A multicore CPU would also be a good option if you often run several applications at the same time.

So... the type of CPU that would be "best" depends just as much on how the individual app is programmed as (if not more than) the type of app it is.


----------



## Juan13cali (Dec 26, 2012)

Thank you for the info! And do you have any website where I can learn about the new CPUs from intel or amd other then the company's website.


----------



## JMPC (Jan 15, 2011)

There are literally hundreds of hardware/PC oriented websites. If you're looking for information I would suggest starting with some of those.
Some of my favorites are:
Anandtech
HardOCP
TechSpot
Tomshardware
TechPowerUp
Xbitlabs


----------



## BosonMichael (Nov 1, 2011)

The sites that JMPC mentions are definitely ones that I get my technical info from. You can also compare CPUs by going to CPUBoss.


----------



## Juan13cali (Dec 26, 2012)

Thank you so much! And one last question what career path do y'all recommend I would like to be a system administrator.


----------



## BosonMichael (Nov 1, 2011)

I recommend you follow whatever career path your heart desires. Those who do what they enjoy tend to do better than those who just do a job for the money.


----------



## Juan13cali (Dec 26, 2012)

Thank you but I mean I know I want to be a system administrator. Do y'all recommend getting a bachelors In Computer science? It's seems far way to me but yes theirs a lot of limitations like money. But I would like to try to work my way up if it's possible getting certifications as I go by my self. Any ideas?


----------



## JMPC (Jan 15, 2011)

Employers are definitely going to look for degrees and certifications to differentiate candidates. Work experience can take the place of both but some hiring managers or automated resume review systems can disqualify a candidate who may be missing a degree or certification. 
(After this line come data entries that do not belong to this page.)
lemma quotient_eigvecs_inv_mult: "quotient_eigvecs_inv r * quotient_eigvecs r = 1\<^sub>m 6"
proof (rule eq_matI)
  fix i j assume "i < dim_row (1\<^sub>m 6 :: real mat)" "j < dim_col (1\<^sub>m 6 :: real mat)"
  then have ij: "i < 6" "j < 6" by auto
  have "(\<Sum>k<6. swap_sign i k * half_eigvecs_adj r (i mod 3) (k mod 3)
      * (swap_sign k j * half_eigvecs r (k mod 3) (j mod 3)))
      = (if i = j then 2 * (real r + 2) * (2 * real r + 2) else 0)"
    using ij unfolding sum_6 less_6_cases
    by (elim disjE; simp add: swap_sign_def half_eigvecs_def half_eigvecs_adj_def; simp add: algebra_simps)
  moreover have "2 * (real r + 2) * (2 * real r + 2) \<noteq> 0" by (simp add: add_pos_pos)
  moreover have "(quotient_eigvecs_inv r * quotient_eigvecs r) $$ (i, j)
      = (\<Sum>k<6. quotient_eigvecs_inv r $$ (i, k) * quotient_eigvecs r $$ (k, j))"
    using ij by (intro index_mult_mat_sum) (auto simp: quotient_eigvecs_def quotient_eigvecs_inv_def)
  ultimately show "(quotient_eigvecs_inv r * quotient_eigvecs r) $$ (i, j) = 1\<^sub>m 6 $$ (i, j)"
    using ij by (simp add: quotient_eigvecs_def quotient_eigvecs_inv_def sum_divide_distrib[symmetric])
qed (auto simp: quotient_eigvecs_def quotient_eigvecs_inv_def)

lemma cell_quotient_mult_eigvecs:
  "cell_quotient r * quotient_eigvecs r = quotient_eigvecs r * mat_diag 6 (\<lambda>j. quotient_spectrum r ! j)"
proof (rule eq_matI)
  fix i j assume "i < dim_row (quotient_eigvecs r * mat_diag 6 (\<lambda>j. quotient_spectrum r ! j))"
    "j < dim_col (quotient_eigvecs r * mat_diag 6 (\<lambda>j. quotient_spectrum r ! j))"
  then have ij: "i < 6" "j < 6" by (auto simp: quotient_eigvecs_def mat_diag_def)
  have "(\<Sum>k<6. cell_quotient r $$ (i, k) * (swap_sign k j * half_eigvecs r (k mod 3) (j mod 3)))
      = swap_sign i j * half_eigvecs r (i mod 3) (j mod 3) * quotient_spectrum r ! j"
    using ij unfolding sum_6 less_6_cases
    by (elim disjE; simp add: cell_quotient_def swap_sign_def half_eigvecs_def cell_degree_def
        cell_size_def cell_adj_def quotient_spectrum_def; simp add: algebra_simps)
  moreover have "(cell_quotient r * quotient_eigvecs r) $$ (i, j)
      = (\<Sum>k<6. cell_quotient r $$ (i, k) * quotient_eigvecs r $$ (k, j))"
    using ij by (intro index_mult_mat_sum) (auto simp: quotient_eigvecs_def cell_quotient_def)
  ultimately show "(cell_quotient r * quotient_eigvecs r) $$ (i, j)
      = (quotient_eigvecs r * mat_diag 6 (\<lambda>j. quotient_spectrum r ! j)) $$ (i, j)"
    using ij by (simp add: mat_diag_mult_right[of _ 6] quotient_eigvecs_def)
qed (auto simp: quotient_eigvecs_def cell_quotient_def mat_diag_def)

lemma char_poly_cell_quotient: "char_poly (cell_quotient r) = (\<Prod>a\<leftarrow>quotient_spectrum r. [:- a, 1:])"
proof -
  let ?P = "quotient_eigvecs r" and ?Q = "quotient_eigvecs_inv r"
    and ?D = "mat_diag 6 (\<lambda>j. quotient_spectrum r ! j)"
  have c: "cell_quotient r \<in> carrier_mat 6 6" "?P \<in> carrier_mat 6 6" "?Q \<in> carrier_mat 6 6"
    by (auto simp: cell_quotient_def quotient_eigvecs_def quotient_eigvecs_inv_def)
  have PQ: "?P * ?Q = 1\<^sub>m 6" by (rule mat_mult_left_right_inverse[OF c(3) c(2) quotient_eigvecs_inv_mult])
  have "cell_quotient r = cell_quotient r * ?P * ?Q"
    using c by (simp add: assoc_mult_mat[OF c] PQ)
  also have "\<dots> = ?P * ?D * ?Q" by (simp add: cell_quotient_mult_eigvecs)
  finally have "similar_mat (cell_quotient r) ?D"
    using c PQ quotient_eigvecs_inv_mult by (intro similar_matI[of _ _ ?P ?Q 6]) auto
  then have "char_poly (cell_quotient r) = char_poly ?D" by (rule char_poly_similar)
  also have "\<dots> = (\<Prod>a\<leftarrow>diag_mat ?D. [:- a, 1:])"
    by (rule char_poly_upper_triangular[of _ 6]) (auto simp: mat_diag_def upper_triangular_def)
  also have "diag_mat ?D = quotient_spectrum r"
    by (auto simp: diag_mat_def mat_diag_def quotient_spectrum_def list_eq_iff_nth_eq)
  finally show ?thesis .
qed

lemma twin_eigenvalues_G_r:
  assumes r: "r \<ge> 1"
  shows "map (\<lambda>j. real (cell_degree r (cell r (vertex_order r j)))) [6..<4*r+4]
    = replicate (2*r-2) (2 * real r + 2) @ replicate (2*r) (2 * real r + 3)"
proof -
  have "[6..<4*r+4] = [6..<2*r+4] @ [2*r+4..<4*r+4]"
    using upt_add_eq_append[of 6 "2*r+4" "2*r"] r by (simp add: algebra_simps)
  moreover have "map (\<lambda>j. real (cell_degree r (cell r (vertex_order r j)))) [6..<2*r+4]
      = replicate (2*r-2) (2 * real r + 2)"
    using r by (intro replicate_eqI) (auto simp: cell_degree_vertex_order)
  moreover have "map (\<lambda>j. real (cell_degree r (cell r (vertex_order r j)))) [2*r+4..<4*r+4]
      = replicate (2*r) (2 * real r + 3)"
    using r by (intro replicate_eqI) (auto simp: cell_degree_vertex_order)
  ultimately show ?thesis by simp
qed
Take a look at the schools in your area and see what programs they offer. IT has a lot of possible paths so pick a program that most interests you. If you're not passionate about it you may have a hard time excelling and you won't enjoy it.


----------



## BosonMichael (Nov 1, 2011)

A degree isn't necessary to get into IT, nor is it necessary to become a systems administrator. That said, a degree will limit job opportunities later in your career, primarily supervisory and management roles.

If you want to be a systems administrator, get an entry-level IT job - any entry-level IT job... working at Best Buy, or on a help desk, or doing basic PC support. Eventually, you'll want to get a position where you can do basic server administration... which will give you the experience to become a systems/server administrator.


----------